• Your assignment:
Each line holding the word "edist" must appear in the answer, copied from the entries.

• Records:
(* Let $X,Y$ be metric spaces, $U\subset X$ and $V\subset Y$ open sets, and $\Psi:X\times X\rightrightarrows Y$ a set-valued mapping with closed graph, where either $X$ or $\operatorname{gr}\Psi$ is complete. Set $F(x)=\Psi(x,x)$. Let $0\le\ell<r$ and assume: (a) for every $u\in U$, every $x\in U$, every $v\in\Psi(x,u)$, every $t$ with $0<t<m(x)$ and every $y\in V$ with $d(y,v)<rt$, there is $x'$ with $d(x,x')\le r^{-1}d(y,v)$ and $y\in\Psi(x',u)$; (b) for every $x\in U$ and all $u,w\in U$: $\sup\{d(z,\Psi(x,w)) : z\in\Psi(x,u)\cap V\}\le \ell\,d(u,w)$. Then $F$ is Milyutin regular on $U\times V$ with $\operatorname{sur}_mF(U|V)\ge r-\ell$.
   Context: $m(x)=d(x,X\setminus U)$ ($d(x,\emptyset)=+\infty$). $B(A,s)=\{y:\exists a\in A,\ d(y,a)\le s\}$. $F$ is Milyutin regular on $U\times V$ if there is $r>0$ with $B(F(x),rt)\cap V\subset F(B(x,t))$ for all $x\in U$, $0\le t<m(x)$; $\operatorname{sur}_mF(U|V)$ is the supremum of such $r$ ($0$ if none). *)

theory Defs
  imports "HOL-Analysis.Analysis"
begin

definition edist :: "'a::metric_space \<Rightarrow> 'a set \<Rightarrow> ereal" where
  "edist x A = (if A = {} then \<infinity> else ereal (infdist x A))"

text \<open>m(x) = d(x, X \ U)\<close>
definition dist_compl :: "'a::metric_space set \<Rightarrow> 'a \<Rightarrow> ereal" where
  "dist_compl U x = edist x (- U)"

definition Bset :: "'a::metric_space set \<Rightarrow> real \<Rightarrow> 'a set" where
  "Bset A s = {y. \<exists>a\<in>A. dist y a \<le> s}"

definition graph :: "('a \<Rightarrow> 'b set) \<Rightarrow> ('a \<times> 'b) set" where
  "graph F = {(x, y). y \<in> F x}"

definition milyutin_rate :: "('a::metric_space \<Rightarrow> 'b::metric_space set) \<Rightarrow> 'a set \<Rightarrow> 'b set \<Rightarrow> real \<Rightarrow> bool" where
  "milyutin_rate F U V r \<longleftrightarrow>
     (\<forall>x\<in>U. \<forall>t. 0 \<le> t \<and> ereal t < dist_compl U x \<longrightarrow>
        Bset (F x) (r * t) \<inter> V \<subseteq> (\<Union>x'\<in>Bset {x} t. F x'))"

• Expected answer:
definition edist :: "'a::metric_space \<Rightarrow> 'a set \<Rightarrow> ereal" where
  "edist x A = (if A = {} then \<infinity> else ereal (infdist x A))"
  "dist_compl U x = edist x (- U)"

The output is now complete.